Tomislav Kralj wrote:
> Hello,
> 
> I would be so gratefull to ANYONE who can help me!
> 
> I'm writting a program in C++.
> A part of my program is to compare two strings and as a result I have to
> get a number (range:0-1) which represents a similarity beetwen those two
> strings.
> 
> Which algorythm to use?
> I searched Web, but there's a million of them, and I don't know which to
> use.
> I don't need a solution in C++, just a hint which algorythm to use to
> implement this concept.
> 
> Thanx!

That sounds like a fun problem. As someone already said in a reply, the 
algorithm depends on your requirements, and what type of similarity you 
want. For example, if you wanted to use this information to attempt a 
new type of sorting, the algorithm I'm about to suggest would be useless.

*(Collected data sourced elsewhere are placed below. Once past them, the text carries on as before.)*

lemma sat_reaches_fm:
  assumes "X \<noteq> S" "X \<noteq> T" "x \<noteq> c" "y \<noteq> x" "y \<noteq> c"
  shows "sat K U v \<rho> (reaches_fm S T X a c x y) \<longleftrightarrow>
    reaches_within K U (decoded (\<rho> S) (\<rho> T)) (v a) (v c)"
  using assms by (auto simp: reaches_fm_def all_fm_def imp_fm_def sat_decoded_fm reaches_within_def)

lemma sat_phi:
  "sat K U v \<rho> (phi k) \<longleftrightarrow> (\<exists>c\<in>U. \<forall>i<k. \<exists>c0\<in>U.
     (v i, c0) \<in> decoded (\<rho> (4 * i + 2)) (\<rho> (4 * i + 3)) \<and>
     reaches_within K U (decoded (\<rho> (4 * i)) (\<rho> (4 * i + 1))) c0 c)"
  by (auto simp: phi_def sat_conjs sat_decoded_fm sat_reaches_fm atLeast0LessThan)

lemma fv_conjs: "fv (conjs ps) \<subseteq> insert 0 (\<Union>(fv ` set ps))"
  by (induction ps) auto

lemma frv_conjs: "frv (conjs ps) = \<Union>(frv ` set ps)"
  by (induction ps) auto

lemma fv_phi: "0 < k \<Longrightarrow> fv (phi k) \<subseteq> {..<k}"
  using fv_conjs by (fastforce simp: phi_def reaches_fm_def all_fm_def imp_fm_def decoded_fm_def)

lemma frv_phi: "frv (phi k) \<subseteq> {..<4 * k}"
  by (auto simp: phi_def frv_conjs reaches_fm_def all_fm_def imp_fm_def decoded_fm_def)

text \<open>Position j of a list is coded by cs ! j and coloured by col j: first_code sends a colour
  to the code of its first position, next_code joins consecutive positions of equal colour.\<close>
definition first_code :: "(nat \<Rightarrow> 'b) \<Rightarrow> 'a list \<Rightarrow> ('b \<times> 'a) set" where
  "first_code col cs = {(col j, cs ! j) | j. j < length cs \<and> (\<forall>l<j. col l \<noteq> col j)}"

definition next_code :: "(nat \<Rightarrow> 'b) \<Rightarrow> 'a list \<Rightarrow> ('a \<times> 'a) set" where
  "next_code col cs = {(cs ! j, cs ! j') | j j'. j < j' \<and> j' < length cs \<and> col j' = col j \<and>
     (\<forall>l. j < l \<and> l < j' \<longrightarrow> col l \<noteq> col j)}"

lemma first_code_subset: "first_code col cs \<subseteq> col ` {..<length cs} \<times> set cs"
  by (auto simp: first_code_def)

lemma next_code_subset: "next_code col cs \<subseteq> set cs \<times> set cs"
  by (auto simp: next_code_def)

lemma single_valued_first_code: "single_valued (first_code col cs)"
proof (rule single_valuedI)
  fix x y z
  assume "(x, y) \<in> first_code col cs" "(x, z) \<in> first_code col cs"
  then obtain j j' where "x = col j" "y = cs ! j" "\<forall>l<j. col l \<noteq> col j"
    "x = col j'" "z = cs ! j'" "\<forall>l<j'. col l \<noteq> col j'"
    unfolding first_code_def by blast
  then show "y = z"
    by (metis linorder_neqE_nat)
qed

lemma single_valued_converse_first_code:
  assumes "distinct cs"
  shows "single_valued ((first_code col cs)\<inverse>)"
proof (rule single_valuedI)
  fix x y z
  assume "(x, y) \<in> (first_code col cs)\<inverse>" "(x, z) \<in> (first_code col cs)\<inverse>"
  then obtain j j' where
    "x = cs ! j" "y = col j" "j < length cs" "x = cs ! j'" "z = col j'" "j' < length cs"
    unfolding first_code_def by blast
  then show "y = z"
    using assms by (simp add: nth_eq_iff_index_eq)
qed

lemma single_valued_next_code:
  assumes "distinct cs"
  shows "single_valued (next_code col cs)"
proof (rule single_valuedI)
  fix x y z
  assume "(x, y) \<in> next_code col cs" "(x, z) \<in> next_code col cs"
  then obtain j a j' b where
    "x = cs ! j" "y = cs ! a" "j < a" "a < length cs" "col a = col j"
    "\<forall>l. j < l \<and> l < a \<longrightarrow> col l \<noteq> col j"
    "x = cs ! j'" "z = cs ! b" "j' < b" "b < length cs" "col b = col j'"
    "\<forall>l. j' < l \<and> l < b \<longrightarrow> col l \<noteq> col j'"
    unfolding next_code_def by blast
  moreover from this have "j = j'"
    using assms by (simp add: nth_eq_iff_index_eq)
  ultimately show "y = z"
    by (metis linorder_neqE_nat)
qed

lemma single_valued_converse_next_code:
  assumes "distinct cs"
  shows "single_valued ((next_code col cs)\<inverse>)"
proof (rule single_valuedI)
  fix x y z
  assume "(x, y) \<in> (next_code col cs)\<inverse>" "(x, z) \<in> (next_code col cs)\<inverse>"
  then obtain j a j' b where
    "y = cs ! j" "x = cs ! a" "j < a" "a < length cs" "col a = col j"
    "\<forall>l. j < l \<and> l < a \<longrightarrow> col l \<noteq> col j"
    "z = cs ! j'" "x = cs ! b" "j' < b" "b < length cs" "col b = col j'"
    "\<forall>l. j' < l \<and> l < b \<longrightarrow> col l \<noteq> col j'"
    unfolding next_code_def by blast
  moreover from this have "a = b"
    using assms by (simp add: nth_eq_iff_index_eq)
  ultimately show "y = z"
    by (metis linorder_neqE_nat)
qed

lemma wf_converse_next_code:
  assumes "distinct cs"
  shows "wf ((next_code col cs)\<inverse>)"
proof -
  let ?r = "{(j', j). j < j' \<and> j' < length cs}"
  have "wf ?r"
    by (rule wf_subset[OF wf_measure[of "\<lambda>j. length cs - j"]]) auto
  then have "wf (map_prod ((!) cs) ((!) cs) ` ?r)"
    by (rule wf_map_prod_image_Dom_Ran) (use assms in \<open>auto simp: nth_eq_iff_index_eq\<close>)
  moreover have "(next_code col cs)\<inverse> \<subseteq> map_prod ((!) cs) ((!) cs) ` ?r"
    by (auto simp: next_code_def)
  ultimately show ?thesis
    by (rule wf_subset)
qed

lemma next_code_rtrancl:
  assumes "j \<le> j'" "j' < length cs" "col j' = col j"
  shows "(cs ! j, cs ! j') \<in> (next_code col cs)\<^sup>*"
  using assms
proof (induction j' rule: less_induct)
  case (less j')
  show ?case
  proof (cases "j = j'")
    case False
    let ?P = "{l. j \<le> l \<and> l < j' \<and> col l = col j}"
    define p where "p = Max ?P"
    have "finite ?P" "j \<in> ?P"
      using less.prems False by auto
    then have p: "p \<in> ?P" "\<forall>l\<in>?P. l \<le> p"
      unfolding p_def using Max_in Max_ge by blast+
    have "col l \<noteq> col p" if "p < l" "l < j'" for l
    proof
      assume "col l = col p"
      then have "l \<in> ?P"
        using p(1) that by auto
      then show False
        using p(2) that(1) by auto
    qed
    moreover have "p < j'" "col j' = col p"
      using p(1) less.prems by auto
    ultimately have "(cs ! p, cs ! j') \<in> next_code col cs"
      using less.prems(2) unfolding next_code_def by blast
    moreover have "(cs ! j, cs ! p) \<in> (next_code col cs)\<^sup>*"
      by (rule less.IH) (use p(1) less.prems(2) in auto)
    ultimately show ?thesis
      by simp
  qed simp
qed

lemma next_code_rtrancl_col:
  assumes "distinct cs" "(cs ! j, y) \<in> (next_code col cs)\<^sup>*" "j < length cs"
  shows "\<exists>j'<length cs. y = cs ! j' \<and> col j' = col j"
  using assms(2)
proof (induction rule: rtrancl_induct)
  case base
  then show ?case
    using assms(3) by blast
next
  case (step y z)
  then obtain j' where "j' < length cs" "y = cs ! j'" "col j' = col j"
    by blast
  moreover obtain a b where "y = cs ! a" "z = cs ! b" "a < b" "b < length cs" "col b = col a"
    using step(2) unfolding next_code_def by blast
  ultimately show ?case
    using assms(1) by (metis nth_eq_iff_index_eq order.strict_trans)
qed

lemma first_code_rtrancl_iff:
  assumes "distinct cs" "j < length cs"
  shows "(\<exists>c0. (b, c0) \<in> first_code col cs \<and> (c0, cs ! j) \<in> (next_code col cs)\<^sup>*) \<longleftrightarrow> col j = b"
proof
  assume "\<exists>c0. (b, c0) \<in> first_code col cs \<and> (c0, cs ! j) \<in> (next_code col cs)\<^sup>*"
  then obtain j0 where "b = col j0" "j0 < length cs" "(cs ! j0, cs ! j) \<in> (next_code col cs)\<^sup>*"
    unfolding first_code_def by blast
  then show "col j = b"
    using next_code_rtrancl_col[OF assms(1)] assms by (metis nth_eq_iff_index_eq)
next
  assume "col j = b"
  define j0 where "j0 = (LEAST l. col l = b)"
  have "col j0 = b" "j0 \<le> j" "\<forall>l<j0. col l \<noteq> b"
    unfolding j0_def using \<open>col j = b\<close> by (auto intro: LeastI Least_le dest: not_less_Least)
  then have "(b, cs ! j0) \<in> first_code col cs" "(cs ! j0, cs ! j) \<in> (next_code col cs)\<^sup>*"
    using assms(2) \<open>col j = b\<close> next_code_rtrancl[of j0 j cs col] unfolding first_code_def by auto
  then show "\<exists>c0. (b, c0) \<in> first_code col cs \<and> (c0, cs ! j) \<in> (next_code col cs)\<^sup>*"
    by blast
qed

lemma mem_iff_code_chains:
  assumes "distinct cs" "length cs = length L" "\<forall>xs\<in>set L. length xs = k" "0 < k"
    "length as = k" "set cs \<subseteq> C"
  shows "as \<in> set L \<longleftrightarrow> (\<exists>c\<in>C. \<forall>i<k. \<exists>c0\<in>C. (as ! i, c0) \<in> first_code (\<lambda>j. L ! j ! i) cs \<and>
    (c0, c) \<in> (next_code (\<lambda>j. L ! j ! i) cs)\<^sup>*)"
    (is "_ \<longleftrightarrow> (\<exists>c\<in>C. \<forall>i<k. ?chain i c)")
proof
  assume "as \<in> set L"
  then obtain j where j: "j < length cs" "L ! j = as"
    using assms(2) by (metis in_set_conv_nth)
  have "?chain i (cs ! j)" if "i < k" for i
    using first_code_rtrancl_iff[OF assms(1) j(1), of "as ! i" "\<lambda>j. L ! j ! i"] j(2)
      first_code_subset assms(6) by blast
  then show "\<exists>c\<in>C. \<forall>i<k. ?chain i c"
    using j(1) assms(6) nth_mem by blast
next
  assume "\<exists>c\<in>C. \<forall>i<k. ?chain i c"
  then obtain c where chains: "\<forall>i<k. ?chain i c"
    by blast
  then obtain c0 where "c0 \<in> set cs" "(c0, c) \<in> (next_code (\<lambda>j. L ! j ! 0) cs)\<^sup>*"
    using assms(4) first_code_subset by blast
  then have "c \<in> set cs"
    using next_code_subset by (auto elim: rtranclE)
  then obtain j where j: "j < length cs" "c = cs ! j"
    by (metis in_set_conv_nth)
  have "L ! j ! i = as ! i" if "i < k" for i
    using chains that first_code_rtrancl_iff[OF assms(1) j(1), of "as ! i" "\<lambda>j. L ! j ! i"] j(2)
    by blast
  moreover have "length (L ! j) = k"
    using assms(2,3) j(1) by simp
  ultimately have "L ! j = as"
    using assms(5) by (simp add: nth_equalityI)
  then show "as \<in> set L"
    using assms(2) j(1) nth_mem by fastforce
qed

lemma reaches_within_next_code_iff:
  assumes "finite U" "lam1 U < card U" "distinct cs" "set cs \<subseteq> U" "length cs \<le> lam1 U"
    "c0 \<in> set cs"
  shows "reaches_within (K_11 lam1) U (next_code col cs) c0 c \<longleftrightarrow> (c0, c) \<in> (next_code col cs)\<^sup>*"
proof (rule reaches_within_K_11_iff)
  show "next_code col cs \<subseteq> U \<times> U"
    using next_code_subset assms(4) by blast
  have "insert c0 (Range (next_code col cs)) \<subseteq> set cs"
    using next_code_subset assms(6) by blast
  then have "card (insert c0 (Range (next_code col cs))) \<le> card (set cs)"
    by (simp add: card_mono)
  then show "card (insert c0 (Range (next_code col cs))) \<le> lam1 U"
    using assms(3,5) by (simp add: distinct_card)
qed (use assms wf_converse_next_code in auto)

lemma obtain_K_11_codes:
  assumes "finite U" "lam1 U < card U" "distinct cs" "set cs \<subseteq> U" "length cs \<le> lam1 U"
    "col ` {..<length cs} \<subseteq> U"
  obtains E where "set E \<subseteq> K_11 lam1 U" "length E = 4"
    "decoded (E ! 0) (E ! 1) = next_code col cs" "decoded (E ! 2) (E ! 3) = first_code col cs"
proof -
  have "card (Domain (next_code col cs)) \<le> card (set cs)"
    using next_code_subset by (intro card_mono) blast+
  then have "card (Domain (next_code col cs)) \<le> lam1 U"
    using assms(3,5) by (simp add: distinct_card)
  moreover have "next_code col cs \<subseteq> U \<times> U"
    using next_code_subset assms(4) by blast
  ultimately obtain SF TF where F: "SF \<in> K_11 lam1 U" "TF \<in> K_11 lam1 U"
    "decoded SF TF = next_code col cs"
    using K_11_decoded[of U "next_code col cs" lam1, OF assms(1) _ single_valued_next_code[OF assms(3)]
      single_valued_converse_next_code[OF assms(3)] _ assms(2)] by blast
  have "card (Domain (first_code col cs)) \<le> card (col ` {..<length cs})"
    using first_code_subset by (intro card_mono) blast+
  also have "\<dots> \<le> lam1 U"
    using assms(5) card_image_le[of "{..<length cs}" col] by simp
  finally have "card (Domain (first_code col cs)) \<le> lam1 U" .
  moreover have "first_code col cs \<subseteq> U \<times> U"
    using first_code_subset assms(4,6) by blast
  ultimately obtain SG TG where G: "SG \<in> K_11 lam1 U" "TG \<in> K_11 lam1 U"
    "decoded SG TG = first_code col cs"
    using K_11_decoded[of U "first_code col cs" lam1, OF assms(1) _ single_valued_first_code
      single_valued_converse_first_code[OF assms(3)] _ assms(2)] by blast
  show ?thesis
    using that[of "[SF, TF, SG, TG]"] F G by simp
qed

definition blocks :: "nat \<Rightarrow> nat \<Rightarrow> (nat \<Rightarrow> 'b list) \<Rightarrow> 'b list" where
  "blocks m k E = map (\<lambda>p. E (p div m) ! (p mod m)) [0..<m * k]"

lemma length_blocks: "length (blocks m k E) = m * k"
  by (simp add: blocks_def)

lemma nth_blocks:
  assumes "i < k" "r < m"
  shows "blocks m k E ! (m * i + r) = E i ! r"
proof -
  have "m * (i + 1) \<le> m * k"
    using assms(1) by (intro mult_le_mono2) simp
  then have "m * i + r < m * k"
    using assms(2) by simp
  moreover have "(m * i + r) div m = i" "(m * i + r) mod m = r"
    using assms(2) by simp_all
  ultimately show ?thesis
    by (simp add: blocks_def)
qed

lemma set_blocks_subset:
  assumes "\<forall>i<k. length (E i) = m \<and> set (E i) \<subseteq> B"
  shows "set (blocks m k E) \<subseteq> B"
proof
  fix X
  assume "X \<in> set (blocks m k E)"
  then obtain p where p: "p < m * k" "X = E (p div m) ! (p mod m)"
    by (auto simp: blocks_def)
  moreover from this have "m \<noteq> 0"
    by (metis mult_0 not_less0)
  ultimately have "p div m < k" "p mod m < m"
    using less_mult_imp_div_less[of p k m] by (simp_all add: mult.commute)
  then show "X \<in> B"
    using assms p(2) nth_mem by fastforce
qed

That being said, here's what I would do--it's conceptually very simple:
1. Find the "longest common subsequence". What distinguishes this from 
"longest common substring" (and makes it harder) is that the matching 
letters don't need to be adjacent. For example, the longest common 
subsequence of "aaaacccceeee" and "aaaabbbbccc" is "aaaacccc". This is 
best calculated with dynamic programming, but you can probably find 
guidance on that on the internet.

2. Compare the length of this substring with the lengths of the two 
original strings. Perhaps something simple like "Percent similarity = 
(length of common subsequence) / (average length of two original strings)".

Hope this helps,
Dan